Extract text from html using perl or awk

I am trying to extract text after keywords fron an html file. The keywords are reportLink": , "barcodedSamples": {" , "barcodedSamples": {" . Both the perl and awk run but the output is just the entire index.html not the desired output. Also for the reportLink": only the text after the second / until the third / is needed but I do not think I accounted for that. Thank you :).

index.html

"reportLink": "/output/Home/Auto_user_S5-00580-5-Medexome_65_030/"", "status": "Completed", "timeStamp": "2016-09-01T18:32:18.000371+00:00"}], {"meta": {"limit": 20, "next": null, "offset": 0, "previous": null, "total_count": 6}, "objects": [{"barcodeId": "IonXpress", "barcodedSamples": {"MEV45": {"barcodeSampleInfo": {"IonXpress_007": {"controlSequenceType": "", "barcodedSamples": {"MEV46": {"barcodeSampleInfo": {"IonXpress_008"
perl -ne 'print if /reportLink":/ /"barcodedSamples": {"/  /{"barcodeSampleInfo": {"/' index.html > out 
awk -v RS='' '/reportLink":/ /"barcodedSamples": {"/  /{"barcodeSampleInfo": {"/' index.html > out

desired output

Auto_user_S5-00580-4-Medexome_65_30
IonXpress_007 MEV45
IonXpress_008 MEV46

We'll need to see the HTML, not just the bit you want.

1 Like

I have attached the full file as it is quite large. Thank you :).

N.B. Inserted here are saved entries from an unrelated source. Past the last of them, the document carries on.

lemma expected_wait_le_ssml_ET:
  assumes rec: "\<And>x. rec_success nm q x \<le> pp" and pp: "0 \<le> pp" "pp \<le> 1"
  shows "expected_wait MH pp \<le> ssml_ET F nm q \<alpha> \<beta> R MH p0"
  unfolding expected_wait_def ssml_ET_def
proof (rule suminf_le)
  fix n
  interpret P: prob_space "ssml_dist F nm q \<alpha> \<beta> R MH p0 n"
    by (rule prob_space_ssml_dist)
  note sets_P = sets_ssml_dist[of p0 n]
  have "{s :: (real^'m) \<times> nat. snd s = MH} = {s. MH \<le> snd s} - {s. Suc MH \<le> snd s}"
    by auto
  then have halted: "{s :: (real^'m) \<times> nat. snd s = MH} \<in> P.events"
    using sets_Collect_snd_ge sets_P by auto
  have "P.prob {s. snd s = MH} \<le> P.prob {s. MH \<le> snd s}"
    using sets_Collect_snd_ge sets_P by (intro P.finite_measure_mono) auto
  also have "\<dots> \<le> measure_pmf.prob (run_dist MH pp n) {c. MH \<le> c}"
    by (rule prob_ssml_dist_counter_ge_le_run_dist[OF rec pp order.refl])
  also have "\<dots> = measure_pmf.prob (run_dist MH pp n) {MH}"
    using AE_run_dist_le[of MH pp n] by (intro measure_pmf.finite_measure_eq_AE) auto
  finally have "P.prob {s. snd s = MH} \<le> measure_pmf.prob (run_dist MH pp n) {MH}" .
  then have "measure_pmf.prob (run_dist MH pp n) {c. c \<noteq> MH} \<le> P.prob {s. snd s \<noteq> MH}"
    using measure_pmf.prob_compl[of "{MH}" "run_dist MH pp n"] P.prob_compl[OF halted]
      sets_eq_imp_space_eq[OF sets_P]
    by (simp add: Collect_neg_eq Compl_eq_Diff_UNIV)
  then show "ennreal (measure_pmf.prob (run_dist MH pp n) {c. c \<noteq> MH})
      \<le> emeasure (ssml_dist F nm q \<alpha> \<beta> R MH p0 n) {s. snd s \<noteq> MH}"
    by (simp add: P.emeasure_eq_measure)
qed auto

end

theorem theorem4:
  fixes f \<psi> :: "complex^'d" and U :: "real^'m \<Rightarrow> complex^'d^'d"
    and R :: "(real^'m) measure" and p0 :: "real^'m"
    and \<alpha> \<beta> q :: real and MH :: nat and nm :: noise_model
  assumes "CARD('d) \<ge> 2"
    and "unit_cvec f" and "unit_cvec \<psi>"
    and "\<forall>p. unitary_cmat (U p)"
    and "U \<in> borel_measurable borel"
    and "prob_space R" and "sets R = sets borel"
    and "AE r in R. norm r = 1"
    and "\<alpha> > 0" and "\<beta> > 0" and "MH \<ge> 1"
    and "(nm = BSC \<and> 0 < q \<and> q < 1/2) \<or> (nm = FN \<and> 0 < q \<and> q < 1)"
  shows "expected_wait MH (1 - q) \<le> ssml_ET (fidelity f U \<psi>) nm q \<alpha> \<beta> R MH p0
       \<and> expected_wait MH (1 - q) = ennreal ((1 - (1 - q) ^ MH) / (q * (1 - q) ^ MH))
       \<and> ennreal ((exp (q * real MH) - 1) / q) \<le> expected_wait MH (1 - q)"
proof -
  \<comment> \<open>Only measurability of U and R enters: the bound holds for every fidelity landscape
    and every jump distribution.\<close>
  have q: "0 < q" "q < 1"
    using assms(12) by auto
  have "expected_wait MH (1 - q) \<le> ssml_ET (fidelity f U \<psi>) nm q \<alpha> \<beta> R MH p0"
    using q by (intro expected_wait_le_ssml_ET borel_measurable_fidelity assms(5-7)
        rec_success_le[OF assms(12)]) auto
  moreover have closed_form: "expected_wait MH (1 - q) = ennreal ((1 - (1 - q) ^ MH) / (q * (1 - q) ^ MH))"
    using expected_wait_eq[of "1 - q" MH] q by simp
  moreover have "ennreal ((exp (q * real MH) - 1) / q) \<le> expected_wait MH (1 - q)"
    unfolding closed_form by (intro ennreal_leI exp_mult_minus_one_div_le q)
  ultimately show ?thesis
    by blast
qed

end
(* Let $\theta>0$ and $\mu\in(0,\theta^{-1})$, and consider the system $$\dot c=D\left(\begin{bmatrix}1+\theta\\1-\mu\theta\end{bmatrix}-c\right)+\begin{bmatrix}-1\\ \mu\end{bmatrix}\theta c_1c_2^2,\qquad c=(c_1,c_2)'\in\operatorname{int}(\mathbb{R}_+^2),\ D\in[0,D_{\max}].$$ If $D_{\max}>(1+\mu)^2$ and $D_{\max}>\frac{(1+\mu)(\theta(1+\mu)^2+1)}{\mu\theta}$, then there exists a smooth feedback $\tilde k:\operatorname{int}(\mathbb{R}_+^2)\to[0,D_{\max}]$ with $\tilde k(1,1)=1$ such that the equilibrium $(1,1)'$ is uniformly globally asymptotically stable on $\operatorname{int}(\mathbb{R}_+^2)$ for the closed-loop system with $D=\tilde k(c)$, i.e. there exists $\sigma\in\mathcal{KL}$ with $|\ln c(t)|\le\sigma(|\ln c(0)|,t)$ for all closed-loop solutions and $t\ge0$, where $\ln c=(\ln c_1,\ln c_2)'$.
   Context: $\operatorname{int}(\mathbb{R}_+^2)$ is the open positive quadrant. $\mathcal{KL}$: continuous $\sigma:\mathbb{R}_+^2\to\mathbb{R}_+$ with $\sigma(\cdot,t)$ increasing, $\sigma(0,t)=0$, and $\sigma(s,\cdot)$ non-increasing tending to $0$. *)

theory Defs
  imports "HOL-Analysis.Analysis"
begin

definition quadrant :: "(real \<times> real) set" where
  "quadrant = {x. fst x > 0 \<and> snd x > 0}"

text \<open>C-infinity (smooth) real functions on an open subset of R^2: differentiable,
  with both partial derivatives again smooth (coinductively, i.e. all orders).\<close>
coinductive smooth_on2 :: "(real \<times> real) set \<Rightarrow> (real \<times> real \<Rightarrow> real) \<Rightarrow> bool"
  for S where
  "(\<And>x. x \<in> S \<Longrightarrow> (f has_derivative (\<lambda>h. fst h * g1 x + snd h * g2 x)) (at x))
   \<Longrightarrow> smooth_on2 S g1 \<Longrightarrow> smooth_on2 S g2 \<Longrightarrow> smooth_on2 S f"

definition KL :: "(real \<Rightarrow> real \<Rightarrow> real) \<Rightarrow> bool" where
  "KL \<sigma> \<longleftrightarrow>
     continuous_on ({0..} \<times> {0..}) (\<lambda>(s, t). \<sigma> s t) \<and>
     (\<forall>s\<ge>0. \<forall>t\<ge>0. \<sigma> s t \<ge> 0) \<and>
     (\<forall>t\<ge>0. \<sigma> 0 t = 0 \<and> strict_mono_on {0..} (\<lambda>s. \<sigma> s t)) \<and>
     (\<forall>s\<ge>0. (\<forall>t1 t2. 0 \<le> t1 \<longrightarrow> t1 \<le> t2 \<longrightarrow> \<sigma> s t2 \<le> \<sigma> s t1) \<and>
             ((\<lambda>t. \<sigma> s t) \<longlongrightarrow> 0) at_top)"

definition rhs :: "real \<Rightarrow> real \<Rightarrow> real \<Rightarrow> real \<times> real \<Rightarrow> real \<times> real" where
  "rhs \<theta> \<mu> D c =
     (D * (1 + \<theta> - fst c) - \<theta> * fst c * (snd c)\<^sup>2,
      D * (1 - \<mu> * \<theta> - snd c) + \<mu> * \<theta> * fst c * (snd c)\<^sup>2)"

definition lnv :: "real \<times> real \<Rightarrow> real \<times> real" where
  "lnv c = (ln (fst c), ln (snd c))"

end

theory Submission
  imports Defs "HOL-Computational_Algebra.Polynomial" "HOL-Real_Asymp.Real_Asymp"
begin

text \<open>
  For the unbounded feedback D = p := c1 c2^2 the system becomes c_i' = p (1 - c_i), and
  z = \<mu> c1 + c2 always satisfies z' = D (1 + \<mu> - z).  We saturate p smoothly:
  k(c) = sat(c1 c2^2) with sat(y) = y for y below a level P, 0 < sat \<le> Dmax, using the flat
  function exp(-1/x).  Stability is certified by the maximum V of the three functions
  (ln c1)^2, (ln c2)^2 and (K (z - 1 - \<mu>)^2)^2.  The third one decays at rate 4D everywhere, and the
  gain K is chosen so large that wherever one of the first two is the maximum, the
  saturation is inactive (c1 c2^2 \<le> P), so that component decays as well.  A comparison
  principle for the maximum of finitely many differentiable functions first shows that V
  is nonincreasing along solutions, which confines them to a compact region where D is
  bounded below; a second application then gives exponential decay of V, hence a KL bound.
\<close>

coinductive smooth_real :: "(real \<Rightarrow> real) \<Rightarrow> bool" where
  "(\<And>x. (f has_real_derivative f' x) (at x)) \<Longrightarrow> smooth_real f' \<Longrightarrow> smooth_real f"

lemma smooth_real_deriv:
  assumes "smooth_real f"
  shows "(f has_real_derivative deriv f x) (at x)" and "smooth_real (deriv f)"
proof -
  from assms obtain f' where f': "\<And>x. (f has_real_derivative f' x) (at x)" "smooth_real f'"
    by (cases rule: smooth_real.cases) auto
  have "deriv f = f'"
    using f'(1) by (auto intro!: DERIV_imp_deriv)
  then show "(f has_real_derivative deriv f x) (at x)" "smooth_real (deriv f)"
    using f' by auto
qed

lemma smooth_real_exp: "smooth_real exp"
proof -
  have "f \<in> {exp} \<Longrightarrow> smooth_real f" for f
    by (coinduction arbitrary: f rule: smooth_real.coinduct) (auto intro: DERIV_exp)
  then show ?thesis by blast
qed

text \<open>The functions p(1/x) exp(-1/x) for x > 0, extended by 0; this class is closed under differentiation.\<close>
definition flat_poly :: "real poly \<Rightarrow> real \<Rightarrow> real" where
  "flat_poly P x = (if 0 < x then poly P (1 / x) * exp (- 1 / x) else 0)"

lemma poly_times_exp_neg_limit: "((\<lambda>u::real. poly P u * exp (- u)) \<longlongrightarrow> 0) at_top"
proof -
  have "((\<lambda>u. \<Sum>i\<le>degree P. coeff P i * (u ^ i / exp u)) \<longlongrightarrow> (\<Sum>i\<le>degree P. coeff P i * 0)) at_top"
    by (intro tendsto_sum tendsto_mult tendsto_const tendsto_power_div_exp_0)
  then show ?thesis
    by (simp add: poly_altdef sum_divide_distrib exp_minus field_simps)
qed

lemma flat_poly_deriv_zero: "(flat_poly P has_real_derivative 0) (at 0)"
proof -
  have "((\<lambda>y. poly (pCons 0 P) (inverse y) * exp (- inverse y)) \<longlongrightarrow> 0) (at_right 0)"
    using filterlim_compose[OF poly_times_exp_neg_limit filterlim_inverse_at_top_right,
        of "pCons 0 P"]
    by (simp add: o_def)
  then have right: "((\<lambda>y. (flat_poly P y - flat_poly P 0) / (y - 0)) \<longlongrightarrow> 0) (at_right 0)"
    by (rule tendsto_cong[THEN iffD1, rotated])
      (auto simp: flat_poly_def divide_inverse mult_ac
        intro!: eventually_mono[OF eventually_at_right_less[of 0]])
  have left: "((\<lambda>y. (flat_poly P y - flat_poly P 0) / (y - 0)) \<longlongrightarrow> 0) (at_left 0)"
    by (rule tendsto_cong[THEN iffD1, OF _ tendsto_const])
      (use eventually_at_left_real[where a=0 and b="-1"] in
        \<open>auto simp: flat_poly_def elim!: eventually_mono\<close>)
  show ?thesis
    using filterlim_split_at[OF left right] by (simp add: has_field_derivative_iff)
qed

lemma flat_poly_deriv:
  "(flat_poly P has_real_derivative flat_poly (monom 1 2 * (P - pderiv P)) x) (at x)"
proof -
  consider "x > 0" | "x < 0" | "x = 0" by linarith
  then show ?thesis
  proof cases
    case 1
    have "((\<lambda>y. poly P (1 / y) * exp (- 1 / y)) has_real_derivative
        poly (pderiv P) (1 / x) * (- 1 / x^2) * exp (- 1 / x) + poly P (1 / x) * (exp (- 1 / x) * (1 / x^2))) (at x)"
      using 1 by (auto intro!: derivative_eq_intros simp: power2_eq_square field_simps)
    then have "((\<lambda>y. poly P (1 / y) * exp (- 1 / y)) has_real_derivative
        flat_poly (monom 1 2 * (P - pderiv P)) x) (at x)"
      using 1 by (simp add: flat_poly_def poly_monom field_simps power2_eq_square)
    then show ?thesis
      by (rule has_field_derivative_transform_within_open[where S="{0<..}"])
        (use 1 in \<open>auto simp: flat_poly_def\<close>)
  next
    case 2
    have "((\<lambda>y. 0) has_real_derivative flat_poly (monom 1 2 * (P - pderiv P)) x) (at x)"
      using 2 by (simp add: flat_poly_def)
    then show ?thesis
      by (rule has_field_derivative_transform_within_open[where S="{..<0}"])
        (use 2 in \<open>auto simp: flat_poly_def\<close>)
  next
    case 3
    then show ?thesis using flat_poly_deriv_zero by (simp add: flat_poly_def)
  qed
qed
lemma red_eq_iff:
  assumes "val_ge v 0 x" "val_ge v 0 y"
  shows "red v \<pi> N x = red v \<pi> N y \<longleftrightarrow> val_ge v (int N) (x - y)"
proof
  assume "red v \<pi> N x = red v \<pi> N y"
  then show "val_ge v (int N) (x - y)"
    using mem_red_iff[of y N y] mem_red_iff[of y N x] assms by simp
next
  assume xy: "val_ge v (int N) (x - y)"
  have "val_ge v (int N) (x - z) \<longleftrightarrow> val_ge v (int N) (y - z)" for z
    using val_ge_add[OF xy, of "y - z"] val_ge_diff[OF _ xy, of "x - z"] by auto
  then show "red v \<pi> N x = red v \<pi> N y"
    using assms by (auto simp: mem_red_iff)
qed

lemma mem_roots_mod_iff:
  assumes "integral_poly v f"
  shows "X \<in> roots_mod v \<pi> N f \<longleftrightarrow> (\<exists>x. X = red v \<pi> N x \<and> approx_root v N f x)"
  using red_eq_iff[OF val_ge_poly[OF assms] val_ge_0]
  unfolding roots_mod_def valring_eq approx_root_def by auto

lemma pideal_sum_iff:
  assumes "k \<le> N"
  shows "(\<exists>a\<in>pideal v \<pi> k. \<exists>b\<in>pideal v \<pi> N. z = a + b) \<longleftrightarrow> val_ge v (int k) z"
proof
  assume "\<exists>a\<in>pideal v \<pi> k. \<exists>b\<in>pideal v \<pi> N. z = a + b"
  then obtain a b where "val_ge v (int k) a" "val_ge v (int N) b" "z = a + b"
    by (auto simp: mem_pideal_iff)
  then show "val_ge v (int k) z"
    using val_ge_add val_ge_mono[of "int k" "int N" b] assms by simp
next
  assume "val_ge v (int k) z"
  then show "\<exists>a\<in>pideal v \<pi> k. \<exists>b\<in>pideal v \<pi> N. z = a + b"
    by (intro bexI[of _ z] bexI[of _ 0]) (simp_all add: mem_pideal_iff)
qed
lemma crossing_orientation:
  assumes c: "\<And>s. (c has_vector_derivative c' s) (at s)" "continuous_on UNIV c'" "c t0 = p"
    and \<delta>: "0 < \<delta>" and in_U: "\<And>s. \<bar>s - t0\<bar> \<le> \<delta> \<Longrightarrow> c s \<in> U"
    and no_tangency: "\<And>s. \<bar>s - t0\<bar> \<le> \<delta> \<Longrightarrow> s \<noteq> t0 \<Longrightarrow> c' s \<notin> L (c s)"
    and neg: "\<bar>s1 - t0\<bar> < \<delta>" "F (c s1) < 0" and pos: "\<bar>s2 - t0\<bar> < \<delta>" "0 < F (c s2)"
  obtains F' G' w' where "gradient_frame L p U F' G' \<rho> \<Lambda> \<Gamma> w'"
    "\<And>s. \<bar>s - t0\<bar> \<le> \<delta> \<Longrightarrow> s \<noteq> t0 \<Longrightarrow> 0 < c' s \<bullet> G' (c s)"
proof -
  define \<phi>' where "\<phi>' s = c' s \<bullet> G (c s)" for s
  have "continuous_on UNIV c"
    using c(1) by (meson continuous_at_imp_continuous_on has_vector_derivative_continuous)
  then have "continuous_on {t0-\<delta>..t0+\<delta>} (\<lambda>s. G (c s))"
    using in_U by (intro continuous_on_compose2[OF G_cont]) (auto intro: continuous_on_subset simp: abs_le_iff)
  then have cont: "continuous_on {t0-\<delta>..t0+\<delta>} \<phi>'"
    unfolding \<phi>'_def using c(2) by (intro continuous_intros continuous_on_subset[OF c(2)]) auto
  have nonzero: "\<phi>' s \<noteq> 0" if "\<bar>s - t0\<bar> \<le> \<delta>" "s \<noteq> t0" for s
    using no_tangency[OF that] L_ker[OF in_U[OF that(1)]] by (simp add: \<phi>'_def)
  have sgn_eq: "sgn (\<phi>' s) = sgn (\<phi>' (t0 + \<delta>))" if "\<bar>s - t0\<bar> \<le> \<delta>" "s \<noteq> t0" for s
  proof (rule sign_change_imp_deriv_sgn_constant[OF \<delta> _ cont nonzero _ neg pos that])
    show "((\<lambda>s. F (c s)) has_real_derivative \<phi>' s) (at s)" if "\<bar>s - t0\<bar> \<le> \<delta>" for s
      unfolding \<phi>'_def using that by (intro DERIV_along_curve c(1) in_U)
  qed (use F_zero c(3) in auto)
  show ?thesis
  proof (cases "0 < \<phi>' (t0 + \<delta>)")
    case True
    have "0 < c' s \<bullet> G (c s)" if "\<bar>s - t0\<bar> \<le> \<delta>" "s \<noteq> t0" for s
      using sgn_eq[OF that] True by (simp add: \<phi>'_def sgn_1_pos)
    then show ?thesis by (rule that[OF gradient_frame_axioms])
  next
    case False
    then have "\<phi>' (t0 + \<delta>) < 0" using nonzero[of "t0 + \<delta>"] \<delta> by fastforce
    then have "0 < c' s \<bullet> - G (c s)" if "\<bar>s - t0\<bar> \<le> \<delta>" "s \<noteq> t0" for s
      using sgn_eq[OF that] by (simp add: \<phi>'_def sgn_1_neg)
    then show ?thesis by (rule that[OF gradient_frame_uminus[OF gradient_frame_axioms]])
  qed
qed
(* Let $k\ge 2$ and $s\ge 0$ be integers, and let $a_{n,m}$ be the number of ways to place $s$ pairwise non-overlapping $k$-mers on the $n\times m$ rectangular lattice with open boundary conditions in both directions. Then for $n\ge (k+1)s+1$ and $m\ge (k+1)s+1$, $$\sum_{i=0}^{2s+1}(-1)^i\binom{2s+1}{i}a_{n-i,m-i}=0.$$
   Context: The lattice is $\{1,\dots,n\}\times\{1,\dots,m\}$ with open boundaries. A $k$-mer occupies $k$ consecutive sites in one row or one column; a configuration is a set of $s$ $k$-mers with pairwise disjoint site sets. *)

theory Defs
  imports Main
begin

definition lattice :: "nat \<Rightarrow> nat \<Rightarrow> (nat \<times> nat) set" where
  "lattice n m = {1..n} \<times> {1..m}"

definition kmers :: "nat \<Rightarrow> nat \<Rightarrow> nat \<Rightarrow> (nat \<times> nat) set set" where
  "kmers k n m =
     {S. S \<subseteq> lattice n m \<and>
         (\<exists>i j. S = {(i, j + t) | t. t < k} \<or> S = {(i + t, j) | t. t < k})}"

definition configs :: "nat \<Rightarrow> nat \<Rightarrow> nat \<Rightarrow> nat \<Rightarrow> (nat \<times> nat) set set set" where
  "configs k s n m =
     {C. C \<subseteq> kmers k n m \<and> finite C \<and> card C = s \<and>
         (\<forall>A\<in>C. \<forall>B\<in>C. A \<noteq> B \<longrightarrow> A \<inter> B = {})}"
text \<open>
  On the states \<open>K\<close> with positive row sum \<open>t\<^sub>i\<close>, with weights \<open>w\<^sub>i = t\<^sub>i / 2\<close> and \<open>y\<^sub>i = \<xi>\<^sub>i / t\<^sub>i\<close>, the
  penalty is \<open>R - 2 \<Sum> w\<^sub>i \<beta>\<^sub>i y\<^sub>i + J\<close>, and Cauchy--Schwarz bounds the middle term by \<open>\<surd>R \<surd>J\<close>.
\<close>

lemma quad_penalty_ge_gap:
  assumes x: "x \<in> Delta P" and J: "Jfun x \<xi> \<le> ereal (Hent x)" and HR: "Hent x \<le> Rfun \<beta> x"
  shows "(sqrt (Rfun \<beta> x) - sqrt (Hent x))\<^sup>2 \<le> quad_penalty x \<xi> \<beta>"
proof -
  define K where "K = {i. tbar x $ i > 0}"
  define w where "w i = tbar x $ i / 2" for i
  define y where "y i = \<xi>$i / tbar x $ i" for i
  define R where "R = Rfun \<beta> x"
  define Jv where "Jv = (\<Sum>i\<in>K. w i * (y i)\<^sup>2)"
  define C where "C = (\<Sum>i\<in>K. w i * \<beta>$i * y i)"
  have w: "\<And>i. i \<in> K \<Longrightarrow> w i \<ge> 0" by (auto simp: K_def w_def)
  have R: "R = (\<Sum>i\<in>K. w i * (\<beta>$i)\<^sup>2)"
    unfolding R_def Rfun_eq_sum_charged[OF x] K_def w_def by simp
  have "Jv = (\<Sum>i\<in>K. (\<xi>$i)\<^sup>2 / (2 * tbar x $ i))"
    unfolding Jv_def by (intro sum.cong) (auto simp: K_def w_def y_def power2_eq_square)
  hence JH: "Jv \<le> Hent x" using Jfun_le_Hent_D[OF J] by (simp add: K_def)
  have J0: "Jv \<ge> 0" unfolding Jv_def using w by (intro sum_nonneg) auto
  have R0: "R \<ge> 0" using Rfun_nonneg[OF x] by (simp add: R_def)
  have "quad_penalty x \<xi> \<beta> = (\<Sum>i\<in>K. w i * (\<beta>$i)\<^sup>2 - 2 * (w i * \<beta>$i * y i) + w i * (y i)\<^sup>2)"
    unfolding quad_penalty_def K_def[symmetric]
    by (intro sum.cong) (auto simp: K_def w_def y_def power2_eq_square field_simps)
  hence Q: "quad_penalty x \<xi> \<beta> = R - 2 * C + Jv"
    unfolding R Jv_def C_def by (simp add: sum.distrib sum_subtractf sum_distrib_left)
  have "C\<^sup>2 \<le> R * Jv" unfolding C_def R Jv_def by (rule Cauchy_Schwarz_ineq_sum_weighted) (rule w)
  hence "C \<le> sqrt R * sqrt Jv" using real_sqrt_le_mono by (fastforce simp: real_sqrt_mult)
  moreover have "(sqrt R - sqrt Jv)\<^sup>2 = R - 2 * (sqrt R * sqrt Jv) + Jv"
    using R0 J0 by (simp add: power2_eq_square algebra_simps)
  moreover have "(sqrt R - sqrt (Hent x))\<^sup>2 \<le> (sqrt R - sqrt Jv)\<^sup>2"
    using JH HR by (intro power_mono) (auto simp: R_def)
  ultimately show ?thesis using Q by (simp add: R_def)
qed

lemma quad_penalty_attained:
  assumes x: "x \<in> Delta P"
  shows "\<exists>\<xi>. Jfun x \<xi> \<le> ereal (Hent x) \<and> quad_penalty x \<xi> \<beta> =
    (if Rfun \<beta> x \<le> Hent x then 0 else (sqrt (Rfun \<beta> x) - sqrt (Hent x))\<^sup>2)"
proof -
  define R where "R = Rfun \<beta> x"
  define H where "H = Hent x"
  define K where "K = {i. tbar x $ i > 0}"
  define c where "c = (if R \<le> H then 1 else sqrt H / sqrt R)"
  define \<xi> where "\<xi> = (\<chi> i. c * tbar x $ i * \<beta>$i)"
  have R0: "R \<ge> 0" using Rfun_nonneg[OF x] by (simp add: R_def)
  have H0: "H \<ge> 0" using Hent_nonneg[OF x] by (simp add: H_def)
  have RK: "R = (\<Sum>i\<in>K. tbar x $ i / 2 * (\<beta>$i)\<^sup>2)"
    unfolding R_def K_def by (rule Rfun_eq_sum_charged[OF x])
  have "Jfun x \<xi> = ereal (\<Sum>i\<in>K. (\<xi>$i)\<^sup>2 / (2 * tbar x $ i))"
    by (simp add: Jfun_def K_def \<xi>_def)
  also have "(\<Sum>i\<in>K. (\<xi>$i)\<^sup>2 / (2 * tbar x $ i)) = c\<^sup>2 * R"
    unfolding RK sum_distrib_left
    by (intro sum.cong) (auto simp: K_def \<xi>_def power2_eq_square field_simps)
  finally have J: "Jfun x \<xi> = ereal (c\<^sup>2 * R)" .
  have Q: "quad_penalty x \<xi> \<beta> = (1 - c)\<^sup>2 * R"
    unfolding RK sum_distrib_left quad_penalty_def K_def[symmetric]
    by (intro sum.cong) (auto simp: K_def \<xi>_def power2_eq_square field_simps)
  show ?thesis
  proof (cases "R \<le> H")
    case True
    thus ?thesis using J Q by (intro exI[of _ \<xi>]) (simp add: c_def R_def H_def)
  next
    case False
    hence "R > 0" using H0 by linarith
    hence "c\<^sup>2 * R = H" "(1 - c)\<^sup>2 * R = (sqrt R - sqrt H)\<^sup>2"
      using False H0 by (simp_all add: c_def power2_eq_square field_simps)
    thus ?thesis using J Q False by (intro exI[of _ \<xi>]) (simp add: R_def H_def)
  qed
qed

By no stretch of the imagination your awk script will run flawlessly. If the "patterns" were connected with OR operators, and any of them would turn out TRUE, the actual line/record would be printed (the default selected by you). As your file is just ONE line/record, the entire file is printed.

1 Like

Try (as a starting point)

awk -F"[]\":{}, ]*" '
BEGIN   {for (n=split ("reportLink,barcodedSamples,barcodeSampleInfo", T); n>0; n--) SRCH[T[n]] = n
        }
        {for (i=1; i<NF; i++) if ($i in SRCH) print $(i+1)
        }

' /tmp/6784d1473958785-extract-text-html-using-perl-awk-index-html
MEV45
IonXpress_007
IonXpress_008
IonXpress_009
/output/Home/Auto_user_S5-00580-5-Medexome_66_030/
/output/Home/Auto_user_S5-00580-5-Medexome_66_tn_031/
MEV42
IonXpress_004
IonXpress_005
IonXpress_006
/output/Home/Auto_user_S5-00580-4-Medexome_65_028/
/output/Home/Auto_user_S5-00580-4-Medexome_65_tn_029/
MEC1
IonXpress_001
IonXpress_002
IonXpress_003
/output/Home/medex60_8.13.16_027/
/output/Home/reanlzemedex60_023/
/output/Home/Auto_user_S5-00580-2-Medical_Exome_60_014/
/output/Home/Auto_user_S5-00580-2-Medical_Exome_60_tn_015/
MEC1
IonXpress_001
IonXpress_002
IonXpress_003
/output/Home/Medex59_8.11.2016_026/
/output/Home/MEDEX59_8.11-2016_025/
/output/Home/reanalyze59_8.10.16_024/
/output/Home/Auto_user_S5-00580-3-Medical_Exome_59_016/
chipDescription
/output/Home/Auto_user_S5-00580-1-IQOQ_RUN_Sample_2_51_012/
/output/Home/Auto_user_S5-00580-1-IQOQ_RUN_Sample_2_51_tn_013/
chipDescription
/output/Home/Auto_user_S5-00580-0-Test_Fragment_Run_49_010/
/output/Home/Auto_user_S5-00580-0-Test_Fragment_Run_49_tn_011/
1 Like

Thank you very much that gives me a good start :).